Genotype call validation
To provide a measure of quality for the 50k array we genotyped 148 of the 170 barley accessions used for the variant discovery, for comparison with the existing genotype calls derived from the EC variant calls. The Illumina GenomeStudio software used for calling genotypes is designed to generate three clusters for each genotype (AA, BB, AB). However, barley is an inbreeding crop and the lack of heterozygous alleles can frequently lead to miscalls. Manual cluster curation by visual verification was therefore carried out, enabling optimum cluster coverage for each SNP according to the allelic distribution within GenomeStudio. Following adjustment of the cluster file, the genotyped individuals were rescored, generating mean agreement rates of 98.1 and 93.9% for 9k and the original EC SNPs respectively (Figure 4).

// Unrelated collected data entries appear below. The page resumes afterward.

theorem lemma6:
  fixes ar :: "'f \<Rightarrow> nat" and ac :: "'f option"
    and R :: "(('n, 'f, 'v) trm \<times> ('n, 'f, 'v) trm) set"
    and \<Gamma> :: "('n, 'f, 'v) trm set" and M :: "('n, 'f, 'v) trm"
  assumes "theory_ok ar ac R"
    and "finite \<Gamma>"
    and "lder ar ac R \<Gamma> M n"
  shows "\<exists>m. lder ar ac R \<Gamma> M m \<and> m \<le> card (St (insert M \<Gamma>))"
proof (cases "\<Gamma> = {}")
  case True
  have "M \<notin> pst {M}"
    using size_psubterms_less by (fastforce simp: pst_def)
  then show ?thesis
    using lder_length_le_card_St_Diff_fresh [of ar ac R \<Gamma> M n "{M}"] assms(3) True
    by (simp add: St_def)
next
  case False
  let ?S = "St (insert M \<Gamma>)"
  have fin: "finite (insert M \<Gamma>)"
    using assms(2) by simp
  have "card (?S - \<Gamma>) + 1 \<le> card ?S"
  proof -
    have "\<Gamma> \<subseteq> ?S" "finite ?S" "0 < card \<Gamma>"
      using subset_St [of "insert M \<Gamma>"] finite_St [OF fin] False assms(2)
      by (auto simp: card_gt_0_iff)
    then show ?thesis
      using card_mono [of ?S \<Gamma>] card_Diff_subset [OF assms(2)] by simp
  qed
  moreover obtain m where "lder ar ac R \<Gamma> M m" "m \<le> card (?S - \<Gamma>) + 1"
    using lder_length_le_card_St_Diff [OF assms(3) fin subset_St] by blast
  ultimately show ?thesis
    by (meson le_trans)
qed

end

To assess technical variation across equipment and sites, manual cluster adjustment was also carried out at TraitGenetics (Gatersleben, Germany) on an independent set of 2,535 accessions, varieties and segregating material. We then scored the 148 samples genotyped at the James Hutton Institute, also with the manually adjusted TraitGenetics cluster file. This resulted in a decrease in mean agreement rates to 94.7 and 84.0% for 9k and EC respectively (Figure 4). A subset of the samples genotyped at TraitGenetics that overlapped with our exome captured samples (n = 16) scored with the manually adjusted TraitGenetics cluster file fared substantially better at 98.5 and 93.3% for 9k and EXCAP SNPs respectively. This indicates that there is some variation in the cluster distribution generated by individual Illumina scanners. The implication of this is that sharing adjusted cluster files is a good start but might require further adjustments to the local equipment.
Genetic mapping
Processing 136 Golden Promise × Morex (GP × Mo) RILs, along with the two parental lines, resulted in data for 44,040 SNPs in the population. Of these, 29,413 SNPs were either monomorphic or had scoring issues (null or heterozygote calls in the parental lines). The segregation patterns of the remaining 14,627 SNPs were analysed, and co-segregating SNPs were excluded from the dataset to increase computational efficiency of subsequent linkage mapping, leaving 1,157 SNPs with unique segregation patterns. The genotypic data indicated that four of the RILs were duplicates and two others had excessive levels of heterozygosity, suggesting recent outcrossing. These six lines were excluded and the remaining 130 RILs used to develop a genetic linkage map using JoinMap 4.0 (Van Ooijen, 2006). This resulted in 14,626 SNPs being mapped to the seven barley chromosomes after re-incorporation of the co-segregating SNPs (Table 4). The genetic map totalled 914.0 cM, with all distal markers being within 2 Mbp of the end of the respective chromosome, with the exception of 3HL (3.48 Mbp). Although the resultant genetic map was high density, there remained 11 intervals of greater than 5 cM, relating to regions of higher recombination rate or identity by state.
Table 4.
Chromosome | Length (cM) | No. SNPs |
---|---|---|
1H | 113.7 | 1,730 |
2H | 146.1 | 2,927 |
3H | 127.3 | 2,160 |
4H | 118.4 | 1,371 |
5H | 179.3 | 2,299 |
6H | 116.0 | 1,991 |
7H | 110.2 | 2,148 |
Total | 914.0 | 14,626 |
The ordering of the SNPs in the linkage map was almost completely in accordance with their expected physical order. As expected for large cereal genomes, the relationship between the genetic and physical distance was not linear. Figure 5 shows the physical:genetic relationship for 6H, with most recombination in the distal ends of the short and long arms. There were instances where neighbouring SNPs were transposed in the linkage map relative to their expected physical order, when a recombination event separated SNPs derived from different contigs within a BAC (Supplementary Table 3). The genetic map also showed two larger scale inconsistencies with the physical sequences at the distal ends of 4HL and 6HS, which could indicate some minor issues with the physical assembly (Supplementary Table 3). This was supported by a comparison of the genetic map with previous SNP mapping in other bi-parental populations (Close et al., 2009; Comadran et al., 2012; Supplementary Table 3). These comparisons also supported the map positions found for 51 of the 9k SNPs, for which there was no evident physical position. A small number of SNPs (44/14,626; 0.3%) mapped to unlinked positions compared to their expected physical location (Supplementary Table 3).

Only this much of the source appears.